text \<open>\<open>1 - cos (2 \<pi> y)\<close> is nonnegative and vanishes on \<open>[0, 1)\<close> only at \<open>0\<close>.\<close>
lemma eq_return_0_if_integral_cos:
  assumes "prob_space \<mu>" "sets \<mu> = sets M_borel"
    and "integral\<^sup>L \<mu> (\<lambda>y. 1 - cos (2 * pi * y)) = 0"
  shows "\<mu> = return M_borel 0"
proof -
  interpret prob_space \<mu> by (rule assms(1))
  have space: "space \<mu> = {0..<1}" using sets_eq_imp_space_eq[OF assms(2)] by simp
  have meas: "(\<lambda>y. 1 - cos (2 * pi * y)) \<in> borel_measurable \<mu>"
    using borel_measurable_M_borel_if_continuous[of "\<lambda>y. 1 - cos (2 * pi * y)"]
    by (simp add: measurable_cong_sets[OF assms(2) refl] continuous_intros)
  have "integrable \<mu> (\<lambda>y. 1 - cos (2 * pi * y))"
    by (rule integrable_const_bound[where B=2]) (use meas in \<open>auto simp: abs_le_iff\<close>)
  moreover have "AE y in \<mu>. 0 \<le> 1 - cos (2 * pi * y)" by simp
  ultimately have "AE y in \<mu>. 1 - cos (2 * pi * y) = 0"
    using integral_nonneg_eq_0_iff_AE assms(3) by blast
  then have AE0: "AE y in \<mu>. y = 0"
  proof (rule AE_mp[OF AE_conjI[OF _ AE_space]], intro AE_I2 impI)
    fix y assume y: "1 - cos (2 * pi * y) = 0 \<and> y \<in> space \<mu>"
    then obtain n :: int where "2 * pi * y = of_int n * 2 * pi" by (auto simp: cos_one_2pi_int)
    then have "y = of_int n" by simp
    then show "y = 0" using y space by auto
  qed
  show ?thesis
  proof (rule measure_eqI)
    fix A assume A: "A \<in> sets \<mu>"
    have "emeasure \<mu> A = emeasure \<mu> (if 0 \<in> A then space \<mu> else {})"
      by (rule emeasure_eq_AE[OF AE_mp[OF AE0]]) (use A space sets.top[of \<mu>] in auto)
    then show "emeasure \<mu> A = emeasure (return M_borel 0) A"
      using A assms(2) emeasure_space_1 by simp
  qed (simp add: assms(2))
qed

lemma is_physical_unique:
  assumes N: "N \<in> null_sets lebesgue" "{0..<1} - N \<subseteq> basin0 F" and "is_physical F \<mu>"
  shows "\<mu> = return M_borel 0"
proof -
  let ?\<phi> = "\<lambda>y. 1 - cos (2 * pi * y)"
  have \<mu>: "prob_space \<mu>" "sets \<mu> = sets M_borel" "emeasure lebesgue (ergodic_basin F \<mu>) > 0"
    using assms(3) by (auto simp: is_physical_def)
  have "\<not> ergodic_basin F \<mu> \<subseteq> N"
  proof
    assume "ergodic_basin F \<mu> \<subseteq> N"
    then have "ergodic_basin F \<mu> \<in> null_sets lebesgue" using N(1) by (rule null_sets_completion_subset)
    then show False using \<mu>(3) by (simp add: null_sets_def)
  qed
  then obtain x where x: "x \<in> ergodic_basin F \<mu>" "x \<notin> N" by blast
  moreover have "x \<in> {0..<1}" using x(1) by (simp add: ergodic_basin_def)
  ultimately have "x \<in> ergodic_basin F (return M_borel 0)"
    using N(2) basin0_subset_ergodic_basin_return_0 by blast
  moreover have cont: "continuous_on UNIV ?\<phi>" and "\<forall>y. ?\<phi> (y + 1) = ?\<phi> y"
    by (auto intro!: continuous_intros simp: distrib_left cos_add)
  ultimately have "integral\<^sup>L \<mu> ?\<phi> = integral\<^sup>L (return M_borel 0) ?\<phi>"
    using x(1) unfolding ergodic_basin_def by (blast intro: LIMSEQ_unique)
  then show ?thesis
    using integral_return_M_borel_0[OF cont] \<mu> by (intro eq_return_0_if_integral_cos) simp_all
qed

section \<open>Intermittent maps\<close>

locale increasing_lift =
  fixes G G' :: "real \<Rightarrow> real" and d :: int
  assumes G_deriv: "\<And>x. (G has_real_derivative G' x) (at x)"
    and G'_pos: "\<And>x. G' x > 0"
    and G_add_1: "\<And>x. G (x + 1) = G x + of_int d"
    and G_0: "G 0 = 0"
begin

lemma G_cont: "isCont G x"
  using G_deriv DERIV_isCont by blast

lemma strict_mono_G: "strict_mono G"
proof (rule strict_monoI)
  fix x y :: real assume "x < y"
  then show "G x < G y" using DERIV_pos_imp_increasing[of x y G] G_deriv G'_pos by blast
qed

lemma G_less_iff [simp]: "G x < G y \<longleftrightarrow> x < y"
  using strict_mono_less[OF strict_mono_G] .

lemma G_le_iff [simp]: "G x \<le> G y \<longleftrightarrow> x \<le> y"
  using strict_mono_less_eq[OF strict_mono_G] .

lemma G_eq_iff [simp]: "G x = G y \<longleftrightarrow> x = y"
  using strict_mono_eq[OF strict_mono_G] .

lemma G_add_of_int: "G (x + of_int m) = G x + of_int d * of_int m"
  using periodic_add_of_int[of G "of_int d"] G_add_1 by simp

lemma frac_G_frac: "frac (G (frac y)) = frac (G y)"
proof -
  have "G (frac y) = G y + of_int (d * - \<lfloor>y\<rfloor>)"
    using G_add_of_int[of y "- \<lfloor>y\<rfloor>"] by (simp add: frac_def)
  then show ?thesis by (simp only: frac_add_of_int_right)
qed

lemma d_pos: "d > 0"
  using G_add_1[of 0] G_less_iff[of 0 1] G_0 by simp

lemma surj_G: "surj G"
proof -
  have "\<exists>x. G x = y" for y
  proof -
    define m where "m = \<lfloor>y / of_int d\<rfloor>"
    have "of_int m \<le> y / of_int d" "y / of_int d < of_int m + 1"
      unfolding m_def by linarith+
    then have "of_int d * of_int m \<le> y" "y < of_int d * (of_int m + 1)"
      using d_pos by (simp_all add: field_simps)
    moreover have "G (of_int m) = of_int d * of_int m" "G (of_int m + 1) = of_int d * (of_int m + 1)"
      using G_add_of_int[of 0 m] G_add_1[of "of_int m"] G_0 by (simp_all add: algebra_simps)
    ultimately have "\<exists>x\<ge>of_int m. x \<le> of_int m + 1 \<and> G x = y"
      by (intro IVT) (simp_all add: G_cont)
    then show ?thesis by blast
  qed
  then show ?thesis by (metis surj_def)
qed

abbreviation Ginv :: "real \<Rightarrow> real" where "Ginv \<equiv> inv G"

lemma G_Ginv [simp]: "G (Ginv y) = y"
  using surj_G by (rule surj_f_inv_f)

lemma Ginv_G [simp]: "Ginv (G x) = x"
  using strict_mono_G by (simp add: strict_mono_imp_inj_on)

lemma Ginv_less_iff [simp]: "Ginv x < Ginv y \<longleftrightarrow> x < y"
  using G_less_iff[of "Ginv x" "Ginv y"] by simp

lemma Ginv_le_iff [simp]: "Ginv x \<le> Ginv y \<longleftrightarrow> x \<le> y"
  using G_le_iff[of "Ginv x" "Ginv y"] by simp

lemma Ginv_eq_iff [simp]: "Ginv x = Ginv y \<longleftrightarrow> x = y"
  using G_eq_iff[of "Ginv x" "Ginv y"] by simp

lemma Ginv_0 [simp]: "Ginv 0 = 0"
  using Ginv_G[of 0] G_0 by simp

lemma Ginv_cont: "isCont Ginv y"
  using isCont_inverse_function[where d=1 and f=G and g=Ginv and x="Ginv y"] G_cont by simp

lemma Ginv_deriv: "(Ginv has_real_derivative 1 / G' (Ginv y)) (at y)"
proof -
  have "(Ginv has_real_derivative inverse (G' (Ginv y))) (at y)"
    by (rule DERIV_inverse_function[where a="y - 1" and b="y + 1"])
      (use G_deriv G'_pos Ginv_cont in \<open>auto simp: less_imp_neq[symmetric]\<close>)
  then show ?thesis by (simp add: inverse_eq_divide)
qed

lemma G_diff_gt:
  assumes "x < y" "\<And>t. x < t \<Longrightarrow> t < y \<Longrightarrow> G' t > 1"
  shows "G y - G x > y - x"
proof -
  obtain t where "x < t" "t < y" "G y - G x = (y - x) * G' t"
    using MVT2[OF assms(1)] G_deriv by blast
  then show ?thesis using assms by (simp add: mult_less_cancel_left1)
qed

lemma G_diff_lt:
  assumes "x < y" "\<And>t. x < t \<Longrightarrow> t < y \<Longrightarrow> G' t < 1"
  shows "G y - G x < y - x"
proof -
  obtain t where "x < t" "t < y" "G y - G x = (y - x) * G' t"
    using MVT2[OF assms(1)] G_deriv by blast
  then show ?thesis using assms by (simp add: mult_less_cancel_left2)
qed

- - -

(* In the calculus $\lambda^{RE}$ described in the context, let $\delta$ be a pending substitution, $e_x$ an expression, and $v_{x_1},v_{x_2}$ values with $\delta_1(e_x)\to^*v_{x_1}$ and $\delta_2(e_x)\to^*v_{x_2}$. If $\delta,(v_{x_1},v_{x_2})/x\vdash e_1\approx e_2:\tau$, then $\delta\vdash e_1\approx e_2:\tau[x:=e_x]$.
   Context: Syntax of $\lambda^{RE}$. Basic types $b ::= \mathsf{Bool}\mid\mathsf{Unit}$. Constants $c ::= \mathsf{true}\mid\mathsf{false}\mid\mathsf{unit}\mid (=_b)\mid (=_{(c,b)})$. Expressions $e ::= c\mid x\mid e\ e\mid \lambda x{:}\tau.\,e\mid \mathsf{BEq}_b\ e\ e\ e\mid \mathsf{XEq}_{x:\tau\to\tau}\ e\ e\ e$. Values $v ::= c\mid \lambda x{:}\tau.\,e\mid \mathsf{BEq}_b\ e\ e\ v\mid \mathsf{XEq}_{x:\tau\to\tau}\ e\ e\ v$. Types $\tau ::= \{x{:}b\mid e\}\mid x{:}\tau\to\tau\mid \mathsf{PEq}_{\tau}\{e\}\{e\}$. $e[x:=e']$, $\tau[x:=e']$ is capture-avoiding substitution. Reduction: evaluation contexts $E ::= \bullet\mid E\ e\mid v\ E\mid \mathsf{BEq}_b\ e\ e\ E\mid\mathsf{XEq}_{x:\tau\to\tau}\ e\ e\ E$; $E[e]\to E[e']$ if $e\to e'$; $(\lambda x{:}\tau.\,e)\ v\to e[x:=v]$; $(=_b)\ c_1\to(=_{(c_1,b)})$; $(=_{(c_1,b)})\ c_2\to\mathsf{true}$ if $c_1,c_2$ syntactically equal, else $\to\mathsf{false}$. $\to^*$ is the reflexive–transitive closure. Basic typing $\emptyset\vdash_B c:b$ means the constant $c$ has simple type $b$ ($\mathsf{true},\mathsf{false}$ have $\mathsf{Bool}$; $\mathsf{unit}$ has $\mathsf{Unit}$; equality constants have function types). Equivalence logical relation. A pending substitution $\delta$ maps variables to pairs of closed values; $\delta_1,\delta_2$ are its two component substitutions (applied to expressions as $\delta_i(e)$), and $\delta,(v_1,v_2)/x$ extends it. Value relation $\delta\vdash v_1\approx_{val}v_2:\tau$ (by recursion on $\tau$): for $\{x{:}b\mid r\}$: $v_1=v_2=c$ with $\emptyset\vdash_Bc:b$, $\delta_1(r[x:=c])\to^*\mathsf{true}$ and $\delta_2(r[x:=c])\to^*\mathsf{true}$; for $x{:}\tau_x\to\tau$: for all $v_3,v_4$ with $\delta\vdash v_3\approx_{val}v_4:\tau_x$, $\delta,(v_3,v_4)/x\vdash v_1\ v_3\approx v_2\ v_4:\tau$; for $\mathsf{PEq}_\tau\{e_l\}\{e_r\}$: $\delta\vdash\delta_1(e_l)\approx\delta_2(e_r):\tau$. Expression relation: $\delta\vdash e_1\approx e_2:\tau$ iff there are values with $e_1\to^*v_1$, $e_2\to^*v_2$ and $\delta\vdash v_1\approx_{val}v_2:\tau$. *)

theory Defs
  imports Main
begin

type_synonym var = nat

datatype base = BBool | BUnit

- - -

What is needed is a copy of every line above in which "auto" appears.

    by (rule integrable_const_bound[where B=2]) (use meas in \<open>auto simp: abs_le_iff\<close>)
    then obtain n :: int where "2 * pi * y = of_int n * 2 * pi" by (auto simp: cos_one_2pi_int)
    then show "y = 0" using y space by auto
      by (rule emeasure_eq_AE[OF AE_mp[OF AE0]]) (use A space sets.top[of \<mu>] in auto)
    using assms(3) by (auto simp: is_physical_def)
    by (auto intro!: continuous_intros simp: distrib_left cos_add)
      (use G_deriv G'_pos Ginv_cont in \<open>auto simp: less_imp_neq[symmetric]\<close>)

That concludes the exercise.